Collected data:
========================================

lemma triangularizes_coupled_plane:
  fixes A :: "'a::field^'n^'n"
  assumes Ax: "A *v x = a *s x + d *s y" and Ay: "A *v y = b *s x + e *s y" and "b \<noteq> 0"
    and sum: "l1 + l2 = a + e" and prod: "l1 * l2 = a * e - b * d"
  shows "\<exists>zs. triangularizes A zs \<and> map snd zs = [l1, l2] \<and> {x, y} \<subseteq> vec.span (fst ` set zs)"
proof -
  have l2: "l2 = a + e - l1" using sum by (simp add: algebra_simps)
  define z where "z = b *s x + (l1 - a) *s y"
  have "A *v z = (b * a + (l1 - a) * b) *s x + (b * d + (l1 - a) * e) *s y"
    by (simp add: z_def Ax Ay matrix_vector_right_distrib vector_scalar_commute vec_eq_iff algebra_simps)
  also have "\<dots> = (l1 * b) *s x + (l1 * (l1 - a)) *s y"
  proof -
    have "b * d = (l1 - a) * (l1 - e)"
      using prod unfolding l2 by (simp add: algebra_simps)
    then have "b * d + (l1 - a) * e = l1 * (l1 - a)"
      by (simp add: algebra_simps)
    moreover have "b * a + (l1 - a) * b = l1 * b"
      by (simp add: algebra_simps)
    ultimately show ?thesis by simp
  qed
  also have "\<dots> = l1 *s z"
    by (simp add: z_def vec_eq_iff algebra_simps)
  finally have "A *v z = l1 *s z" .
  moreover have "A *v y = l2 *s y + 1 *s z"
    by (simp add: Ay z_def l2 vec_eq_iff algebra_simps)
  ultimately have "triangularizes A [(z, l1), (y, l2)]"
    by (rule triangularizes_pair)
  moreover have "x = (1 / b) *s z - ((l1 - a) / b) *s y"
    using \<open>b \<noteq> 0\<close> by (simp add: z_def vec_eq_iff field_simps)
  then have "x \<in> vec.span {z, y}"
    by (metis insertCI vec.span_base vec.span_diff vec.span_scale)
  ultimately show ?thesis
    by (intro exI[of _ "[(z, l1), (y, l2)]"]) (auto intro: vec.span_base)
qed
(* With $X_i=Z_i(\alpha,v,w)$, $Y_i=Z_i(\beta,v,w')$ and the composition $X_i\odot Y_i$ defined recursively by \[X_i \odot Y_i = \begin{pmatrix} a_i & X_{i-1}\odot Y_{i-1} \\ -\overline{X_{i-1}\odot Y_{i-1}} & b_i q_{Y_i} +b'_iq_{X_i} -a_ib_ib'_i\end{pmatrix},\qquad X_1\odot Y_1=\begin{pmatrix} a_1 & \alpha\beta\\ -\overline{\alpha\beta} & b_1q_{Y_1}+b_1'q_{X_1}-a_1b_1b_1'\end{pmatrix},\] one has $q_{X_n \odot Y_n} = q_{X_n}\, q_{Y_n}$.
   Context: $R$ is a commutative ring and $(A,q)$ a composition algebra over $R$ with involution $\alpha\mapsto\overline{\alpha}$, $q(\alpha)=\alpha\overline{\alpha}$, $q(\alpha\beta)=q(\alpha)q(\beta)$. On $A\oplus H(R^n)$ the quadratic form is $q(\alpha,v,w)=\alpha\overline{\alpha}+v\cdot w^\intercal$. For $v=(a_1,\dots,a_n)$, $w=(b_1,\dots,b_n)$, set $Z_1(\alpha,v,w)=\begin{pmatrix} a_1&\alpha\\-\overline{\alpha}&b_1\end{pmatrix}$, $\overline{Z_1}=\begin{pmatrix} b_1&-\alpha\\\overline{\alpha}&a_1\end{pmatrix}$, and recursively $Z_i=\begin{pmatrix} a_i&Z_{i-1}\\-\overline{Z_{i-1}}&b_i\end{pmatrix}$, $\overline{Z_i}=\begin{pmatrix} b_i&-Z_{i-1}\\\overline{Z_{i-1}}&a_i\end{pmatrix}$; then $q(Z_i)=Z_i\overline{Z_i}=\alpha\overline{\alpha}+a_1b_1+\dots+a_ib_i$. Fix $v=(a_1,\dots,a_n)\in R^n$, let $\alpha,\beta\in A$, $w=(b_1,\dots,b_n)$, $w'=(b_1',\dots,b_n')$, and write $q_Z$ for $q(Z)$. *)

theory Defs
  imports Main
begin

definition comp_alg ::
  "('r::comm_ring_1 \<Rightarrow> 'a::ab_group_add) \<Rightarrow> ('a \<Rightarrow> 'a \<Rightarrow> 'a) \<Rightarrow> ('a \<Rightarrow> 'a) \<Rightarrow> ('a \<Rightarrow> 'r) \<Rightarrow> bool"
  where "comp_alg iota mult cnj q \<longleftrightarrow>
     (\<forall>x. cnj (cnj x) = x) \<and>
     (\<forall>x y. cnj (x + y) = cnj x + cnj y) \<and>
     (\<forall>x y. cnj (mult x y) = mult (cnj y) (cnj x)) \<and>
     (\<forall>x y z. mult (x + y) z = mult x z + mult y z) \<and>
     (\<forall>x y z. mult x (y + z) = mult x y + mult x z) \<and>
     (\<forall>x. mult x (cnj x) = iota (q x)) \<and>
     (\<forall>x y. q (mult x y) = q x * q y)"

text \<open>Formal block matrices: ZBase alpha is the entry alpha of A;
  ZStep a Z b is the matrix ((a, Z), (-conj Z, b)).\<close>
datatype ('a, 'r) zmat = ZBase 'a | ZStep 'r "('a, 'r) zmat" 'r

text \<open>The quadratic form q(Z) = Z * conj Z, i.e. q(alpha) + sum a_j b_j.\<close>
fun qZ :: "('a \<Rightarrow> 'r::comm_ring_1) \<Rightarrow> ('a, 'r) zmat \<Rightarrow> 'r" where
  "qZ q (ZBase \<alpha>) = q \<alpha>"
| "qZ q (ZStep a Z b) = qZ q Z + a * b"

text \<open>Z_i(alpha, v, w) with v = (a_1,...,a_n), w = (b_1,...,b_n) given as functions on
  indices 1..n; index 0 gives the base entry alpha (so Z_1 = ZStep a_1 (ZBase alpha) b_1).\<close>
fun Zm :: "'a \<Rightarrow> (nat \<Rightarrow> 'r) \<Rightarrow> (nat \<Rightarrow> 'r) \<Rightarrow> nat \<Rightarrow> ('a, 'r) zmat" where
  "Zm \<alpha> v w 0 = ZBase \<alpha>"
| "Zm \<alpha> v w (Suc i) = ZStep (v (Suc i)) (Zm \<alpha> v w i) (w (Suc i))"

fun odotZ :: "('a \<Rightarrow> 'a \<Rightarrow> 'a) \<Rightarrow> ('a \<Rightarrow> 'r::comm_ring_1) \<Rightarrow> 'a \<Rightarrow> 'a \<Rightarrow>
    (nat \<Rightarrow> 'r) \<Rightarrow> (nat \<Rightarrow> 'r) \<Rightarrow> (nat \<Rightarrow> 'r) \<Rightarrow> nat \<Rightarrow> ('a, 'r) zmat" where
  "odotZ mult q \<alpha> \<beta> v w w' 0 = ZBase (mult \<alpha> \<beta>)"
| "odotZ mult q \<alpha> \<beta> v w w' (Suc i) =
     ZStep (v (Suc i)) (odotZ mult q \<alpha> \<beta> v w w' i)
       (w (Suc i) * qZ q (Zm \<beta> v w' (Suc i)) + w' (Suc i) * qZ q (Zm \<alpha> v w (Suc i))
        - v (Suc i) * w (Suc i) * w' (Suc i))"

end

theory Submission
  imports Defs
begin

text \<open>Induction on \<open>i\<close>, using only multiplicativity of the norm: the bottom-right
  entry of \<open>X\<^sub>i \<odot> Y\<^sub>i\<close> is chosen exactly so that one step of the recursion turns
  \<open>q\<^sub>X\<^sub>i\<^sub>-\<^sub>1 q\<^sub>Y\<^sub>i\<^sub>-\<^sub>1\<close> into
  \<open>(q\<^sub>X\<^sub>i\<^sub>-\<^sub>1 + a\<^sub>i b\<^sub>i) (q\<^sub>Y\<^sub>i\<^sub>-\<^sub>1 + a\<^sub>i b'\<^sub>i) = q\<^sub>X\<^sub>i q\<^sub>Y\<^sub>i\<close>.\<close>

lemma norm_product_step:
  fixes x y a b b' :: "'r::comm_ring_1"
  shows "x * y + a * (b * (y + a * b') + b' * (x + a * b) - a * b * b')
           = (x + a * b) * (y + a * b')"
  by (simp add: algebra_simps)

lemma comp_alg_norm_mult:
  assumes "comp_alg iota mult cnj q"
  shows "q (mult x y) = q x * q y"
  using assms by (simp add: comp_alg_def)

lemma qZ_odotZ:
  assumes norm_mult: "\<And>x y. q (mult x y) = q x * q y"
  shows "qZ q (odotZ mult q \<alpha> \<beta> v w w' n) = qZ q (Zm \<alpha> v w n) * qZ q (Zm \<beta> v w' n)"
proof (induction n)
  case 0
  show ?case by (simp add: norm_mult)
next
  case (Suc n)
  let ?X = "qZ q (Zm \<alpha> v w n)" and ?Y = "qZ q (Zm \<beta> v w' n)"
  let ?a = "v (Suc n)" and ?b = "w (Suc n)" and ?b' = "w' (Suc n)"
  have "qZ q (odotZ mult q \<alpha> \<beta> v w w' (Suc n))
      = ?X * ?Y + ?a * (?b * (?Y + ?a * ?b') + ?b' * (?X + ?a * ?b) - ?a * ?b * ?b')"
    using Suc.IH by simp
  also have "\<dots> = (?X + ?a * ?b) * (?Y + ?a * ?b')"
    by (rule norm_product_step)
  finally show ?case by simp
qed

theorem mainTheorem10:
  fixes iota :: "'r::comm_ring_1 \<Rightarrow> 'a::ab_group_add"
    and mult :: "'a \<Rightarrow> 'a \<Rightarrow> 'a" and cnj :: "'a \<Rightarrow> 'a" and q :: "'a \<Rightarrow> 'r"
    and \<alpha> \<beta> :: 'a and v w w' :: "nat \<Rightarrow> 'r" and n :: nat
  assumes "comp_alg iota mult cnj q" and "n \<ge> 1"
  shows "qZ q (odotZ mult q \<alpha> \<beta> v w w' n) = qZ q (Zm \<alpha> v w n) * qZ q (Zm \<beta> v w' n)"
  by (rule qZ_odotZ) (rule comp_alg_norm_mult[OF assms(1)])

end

========================================

WHAT TO PRODUCE: Of the lines above, retype only those from the line containing "(\<forall>x. mult x" through the line containing "ZBase (mult \<alpha>", including both, exactly.

RESPONSE AREA:
     (\<forall>x. mult x (cnj x) = iota (q x)) \<and>
     (\<forall>x y. q (mult x y) = q x * q y)"

text \<open>Formal block matrices: ZBase alpha is the entry alpha of A;
  ZStep a Z b is the matrix ((a, Z), (-conj Z, b)).\<close>
datatype ('a, 'r) zmat = ZBase 'a | ZStep 'r "('a, 'r) zmat" 'r

text \<open>The quadratic form q(Z) = Z * conj Z, i.e. q(alpha) + sum a_j b_j.\<close>
fun qZ :: "('a \<Rightarrow> 'r::comm_ring_1) \<Rightarrow> ('a, 'r) zmat \<Rightarrow> 'r" where
  "qZ q (ZBase \<alpha>) = q \<alpha>"
| "qZ q (ZStep a Z b) = qZ q Z + a * b"

text \<open>Z_i(alpha, v, w) with v = (a_1,...,a_n), w = (b_1,...,b_n) given as functions on
  indices 1..n; index 0 gives the base entry alpha (so Z_1 = ZStep a_1 (ZBase alpha) b_1).\<close>
fun Zm :: "'a \<Rightarrow> (nat \<Rightarrow> 'r) \<Rightarrow> (nat \<Rightarrow> 'r) \<Rightarrow> nat \<Rightarrow> ('a, 'r) zmat" where
  "Zm \<alpha> v w 0 = ZBase \<alpha>"
| "Zm \<alpha> v w (Suc i) = ZStep (v (Suc i)) (Zm \<alpha> v w i) (w (Suc i))"

fun odotZ :: "('a \<Rightarrow> 'a \<Rightarrow> 'a) \<Rightarrow> ('a \<Rightarrow> 'r::comm_ring_1) \<Rightarrow> 'a \<Rightarrow> 'a \<Rightarrow>
    (nat \<Rightarrow> 'r) \<Rightarrow> (nat \<Rightarrow> 'r) \<Rightarrow> (nat \<Rightarrow> 'r) \<Rightarrow> nat \<Rightarrow> ('a, 'r) zmat" where
  "odotZ mult q \<alpha> \<beta> v w w' 0 = ZBase (mult \<alpha> \<beta>)"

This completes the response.